lemma vCVaR_ge_chance_optimum:
  fixes X :: "'a::real_inner set" and g :: "'a \<Rightarrow> 'b \<Rightarrow> real"
  assumes "0 \<le> \<epsilon>" and \<alpha>_pos: "\<forall>i\<in>{1..N}. \<alpha> i > 0"
    and p_nonneg: "\<forall>i\<in>{1..N}. p i \<ge> 0" and p_sum: "(\<Sum>i=1..N. p i) = 1"
    and opt: "\<forall>x\<in>X. (\<Sum>i=1..N. p i * (if g x (\<xi> i) \<le> 0 then 1 else 0)) \<ge> 1 - \<epsilon> \<longrightarrow> v \<le> c \<bullet> x"
  shows "ereal v \<le> vCVaR X c \<epsilon> N p g \<xi> \<alpha>"
proof (rule vCVaR_greatest)
  fix x \<beta> s
  assume feas: "cvar_feasible X \<epsilon> N p g \<xi> \<alpha> x \<beta> s"
  then have "(\<Sum>i\<in>{i\<in>{1..N}. g x (\<xi> i) > 0}. p i) \<le> \<epsilon>"
    using cvar_constraint_imp_violation_prob_le[of \<epsilon> \<beta> N s p \<alpha> "\<lambda>i. g x (\<xi> i)"]
      \<open>0 \<le> \<epsilon>\<close> \<alpha>_pos p_nonneg
    by (simp add: cvar_feasible_def)
  then have "(\<Sum>i=1..N. p i * (if g x (\<xi> i) \<le> 0 then 1 else 0)) \<ge> 1 - \<epsilon>"
    unfolding chance_prob_eq_one_minus_violation_prob[OF p_sum] by simp
  then show "v \<le> c \<bullet> x"
    using opt feas by (simp add: cvar_feasible_def)
qed

lemma exists_uniform_scale:
  fixes f :: "'i \<Rightarrow> real"
  assumes "finite K" and "\<forall>i\<in>K. f i > 0"
  shows "\<exists>M\<ge>1. \<forall>i\<in>K. t \<le> M * f i"
proof (intro exI conjI ballI)
  let ?M = "1 + (\<Sum>i\<in>K. \<bar>t\<bar> / f i)"
  have terms_nonneg: "\<forall>i\<in>K. \<bar>t\<bar> / f i \<ge> 0"
    using assms(2) by (auto intro: divide_nonneg_pos)
  then show "?M \<ge> 1"
    by (simp add: sum_nonneg)
  fix i assume "i \<in> K"
  then have "\<bar>t\<bar> / f i \<le> ?M"
    using member_le_sum[of i K "\<lambda>i. \<bar>t\<bar> / f i"] terms_nonneg \<open>finite K\<close> by simp
  then have "\<bar>t\<bar> \<le> ?M * f i"
    using assms(2) \<open>i \<in> K\<close> by (simp add: pos_divide_le_eq)
  then show "t \<le> ?M * f i"
    by linarith
qed

lemma sum_hinge_outside_le:
  fixes G p :: "nat \<Rightarrow> real"
  assumes "K \<subseteq> {1..N}" and "t \<ge> 0"
    and p_nonneg: "\<forall>i\<in>{1..N}. p i \<ge> 0" and p_sum: "(\<Sum>i=1..N. p i) = 1"
  shows "(\<Sum>i=1..N. p i * (if i \<in> K then 0 else max 0 (G i + t)))
           \<le> (\<Sum>i\<in>{1..N} - K. p i * max 0 (G i)) + t * (1 - (\<Sum>i\<in>K. p i))"
proof -
  have "(\<Sum>i=1..N. p i * (if i \<in> K then 0 else max 0 (G i + t)))
      = (\<Sum>i\<in>{1..N} - K. p i * max 0 (G i + t))"
    by (rule sum.mono_neutral_cong_right) auto
  also have "\<dots> \<le> (\<Sum>i\<in>{1..N} - K. p i * max 0 (G i) + t * p i)"
  proof (rule sum_mono)
    fix i assume "i \<in> {1..N} - K"
    have "max 0 (G i + t) \<le> max 0 (G i) + t"
      using \<open>t \<ge> 0\<close> by linarith
    then have "p i * max 0 (G i + t) \<le> p i * (max 0 (G i) + t)"
      using p_nonneg \<open>i \<in> {1..N} - K\<close> by (intro mult_left_mono) auto
    then show "p i * max 0 (G i + t) \<le> p i * max 0 (G i) + t * p i"
      by (simp add: algebra_simps)
  qed
  also have "\<dots> = (\<Sum>i\<in>{1..N} - K. p i * max 0 (G i)) + t * (1 - (\<Sum>i\<in>K. p i))"
    using assms(1) p_sum by (simp add: sum.distrib sum_distrib_left[symmetric] sum_diff)
  finally show ?thesis .
qed

lemma Inf_vCVaR_le_strictly_feasible:
  fixes X :: "'a::real_inner set" and g :: "'a \<Rightarrow> 'b \<Rightarrow> real"
  assumes "y \<in> X" and "K \<subseteq> I" and "I \<subseteq> {1..N}"
    and strict: "\<forall>i\<in>K. g y (\<xi> i) < 0" and prob_K: "(\<Sum>i\<in>K. p i) > 1 - \<epsilon>"
    and p_nonneg: "\<forall>i\<in>{1..N}. p i \<ge> 0" and p_sum: "(\<Sum>i=1..N. p i) = 1"
  shows "Inf {vCVaR X c \<epsilon> N p g \<xi> \<alpha> | \<alpha>. (\<forall>i\<in>{1..N} - I. \<alpha> i = 1) \<and> (\<forall>i\<in>I. \<alpha> i \<ge> 1)}
           \<le> ereal (c \<bullet> y)"
proof -
  define G where "G i = g y (\<xi> i)" for i
  define gap where "gap = \<epsilon> - (1 - (\<Sum>i\<in>K. p i))"
  define D where "D = (\<Sum>i\<in>{1..N} - K. p i * max 0 (G i))"
  define t where "t = D / gap + 1"
  have K_sub: "K \<subseteq> {1..N}"
    using assms(2,3) by blast
  then have "finite K"
    using finite_subset by blast
  have "gap > 0"
    using prob_K by (simp add: gap_def)
  have "D \<ge> 0"
    unfolding D_def using p_nonneg by (intro sum_nonneg) simp
  then have "t > 0"
    using \<open>gap > 0\<close> by (simp add: t_def add_nonneg_pos)
  have "gap * t = D + gap"
    using \<open>gap > 0\<close> by (simp add: t_def field_simps)
  then have D_le: "D + t * (1 - (\<Sum>i\<in>K. p i)) \<le> \<epsilon> * t"
    using \<open>gap > 0\<close> by (simp add: gap_def algebra_simps)
  obtain M where "M \<ge> 1" and M: "\<forall>i\<in>K. t \<le> M * - G i"
    using exists_uniform_scale[of K "\<lambda>i. - G i" t] \<open>finite K\<close> strict by (auto simp: G_def)
  \<comment> \<open>Scaling by \<open>M\<close> on \<open>K\<close> makes the slack vanish there, and \<open>P(K) > 1 - \<epsilon>\<close> leaves room for the rest.\<close>
  define \<alpha> where "\<alpha> i = (if i \<in> K then M else 1)" for i
  define s where "s i = (if i \<in> K then 0 else max 0 (G i + t))" for i
  have "(\<Sum>i=1..N. p i * s i) \<le> D + t * (1 - (\<Sum>i\<in>K. p i))"
    unfolding s_def D_def using K_sub p_nonneg p_sum \<open>t > 0\<close> by (intro sum_hinge_outside_le) auto
  also have "\<dots> \<le> \<epsilon> * t"
    by (rule D_le)
  finally have "cvar_feasible X \<epsilon> N p g \<xi> \<alpha> y (- t) s"
    using \<open>y \<in> X\<close> \<open>t > 0\<close> M by (auto simp: cvar_feasible_def s_def \<alpha>_def G_def algebra_simps)
  then have "vCVaR X c \<epsilon> N p g \<xi> \<alpha> \<le> ereal (c \<bullet> y)"
    by (rule vCVaR_lower)
  moreover have "(\<forall>i\<in>{1..N} - I. \<alpha> i = 1) \<and> (\<forall>i\<in>I. \<alpha> i \<ge> 1)"
    using \<open>K \<subseteq> I\<close> \<open>M \<ge> 1\<close> by (auto simp: \<alpha>_def)
  ultimately show ?thesis
    by (blast intro: Inf_lower2)
qed

lemma convex_exists_common_strict_point:
  fixes f :: "'i \<Rightarrow> 'a::real_vector \<Rightarrow> real"
  assumes "convex X" and "finite B" and "B \<noteq> {}" and convex_f: "\<forall>i\<in>B. convex_on X (f i)"
    and points: "\<forall>i\<in>B. \<exists>x\<in>X. (\<forall>j\<in>B. f j x \<le> 0) \<and> f i x < 0"
  shows "\<exists>z\<in>X. \<forall>i\<in>B. f i z < 0"
proof -
  obtain x where x: "\<forall>i\<in>B. x i \<in> X \<and> (\<forall>j\<in>B. f j (x i) \<le> 0) \<and> f i (x i) < 0"
    using bchoice[of B "\<lambda>i x. x \<in> X \<and> (\<forall>j\<in>B. f j x \<le> 0) \<and> f i x < 0"] points by blast
  define n where "n = real (card B)"
  have "n > 0"
    using \<open>finite B\<close> \<open>B \<noteq> {}\<close> by (simp add: n_def card_gt_0_iff)
  have weights: "(\<Sum>k\<in>B. 1 / n) = 1"
    using \<open>n > 0\<close> by (simp add: n_def)
  define z where "z = (\<Sum>k\<in>B. (1 / n) *\<^sub>R x k)"
  have "z \<in> X"
    unfolding z_def using \<open>convex X\<close> \<open>finite B\<close> weights \<open>n > 0\<close> x by (intro convex_sum) auto
  moreover have "f i z < 0" if "i \<in> B" for i
  proof -
    have "f i z \<le> (\<Sum>k\<in>B. (1 / n) * f i (x k))"
      unfolding z_def using \<open>finite B\<close> \<open>B \<noteq> {}\<close> convex_f weights \<open>n > 0\<close> x that
      by (intro convex_on_sum) auto
    also have "\<dots> < (\<Sum>k\<in>B. 0)"
      using \<open>finite B\<close> x that \<open>n > 0\<close>
      by (intro sum_strict_mono_ex1) (auto simp: divide_nonpos_pos divide_neg_pos intro!: bexI[of _ i])
    finally show ?thesis
      by simp
  qed
  ultimately show ?thesis
    by blast
qed

lemma convex_exists_strict_point_near:
  fixes f :: "'i \<Rightarrow> 'a::real_inner \<Rightarrow> real"
  assumes "convex X" and "x \<in> X" and "z \<in> X" and convex_f: "\<forall>i\<in>B. convex_on X (f i)"
    and "\<forall>i\<in>B. f i x \<le> 0" and "\<forall>i\<in>B. f i z < 0" and "e > 0"
  shows "\<exists>y\<in>X. (\<forall>i\<in>B. f i y < 0) \<and> c \<bullet> y \<le> c \<bullet> x + e"
proof -
  define d where "d = c \<bullet> z - c \<bullet> x"
  define l where "l = min 1 (e / (\<bar>d\<bar> + 1))"
  have "0 < l" "l \<le> 1"
    using \<open>e > 0\<close> by (auto simp: l_def)
  define y where "y = (1 - l) *\<^sub>R x + l *\<^sub>R z"
  have "y \<in> X"
    unfolding y_def using \<open>convex X\<close> \<open>x \<in> X\<close> \<open>z \<in> X\<close> \<open>0 < l\<close> \<open>l \<le> 1\<close>
    by (intro convexD) auto
  moreover have "f i y < 0" if "i \<in> B" for i
  proof -
    have "f i y \<le> (1 - l) * f i x + l * f i z"
      unfolding y_def using convex_f \<open>x \<in> X\<close> \<open>z \<in> X\<close> \<open>0 < l\<close> \<open>l \<le> 1\<close> that
      by (intro convex_onD) auto
    moreover have "(1 - l) * f i x \<le> 0" and "l * f i z < 0"
      using assms(5,6) \<open>0 < l\<close> \<open>l \<le> 1\<close> that by (auto simp: mult_nonneg_nonpos mult_pos_neg)
    ultimately show ?thesis
      by linarith
  qed
  moreover have "c \<bullet> y \<le> c \<bullet> x + e"
  proof -
    have "c \<bullet> y = c \<bullet> x + l * d"
      by (simp add: y_def d_def algebra_simps)
    also have "l * d \<le> l * \<bar>d\<bar>"
      using \<open>0 < l\<close> by (intro mult_left_mono) auto
    also have "\<dots> \<le> e / (\<bar>d\<bar> + 1) * \<bar>d\<bar>"
      by (intro mult_right_mono) (auto simp: l_def)
    also have "\<dots> \<le> e"
      using \<open>e > 0\<close> by (simp add: field_simps)
    finally show ?thesis
      by simp
  qed
  ultimately show ?thesis
    by blast
qed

+ + + + +

What the exercise asks. Every line in the listing above that mentions "rule" should be returned.

Response below.
proof (rule vCVaR_greatest)
    by (rule sum.mono_neutral_cong_right) auto
  proof (rule sum_mono)
    by (rule D_le)
    by (rule vCVaR_lower)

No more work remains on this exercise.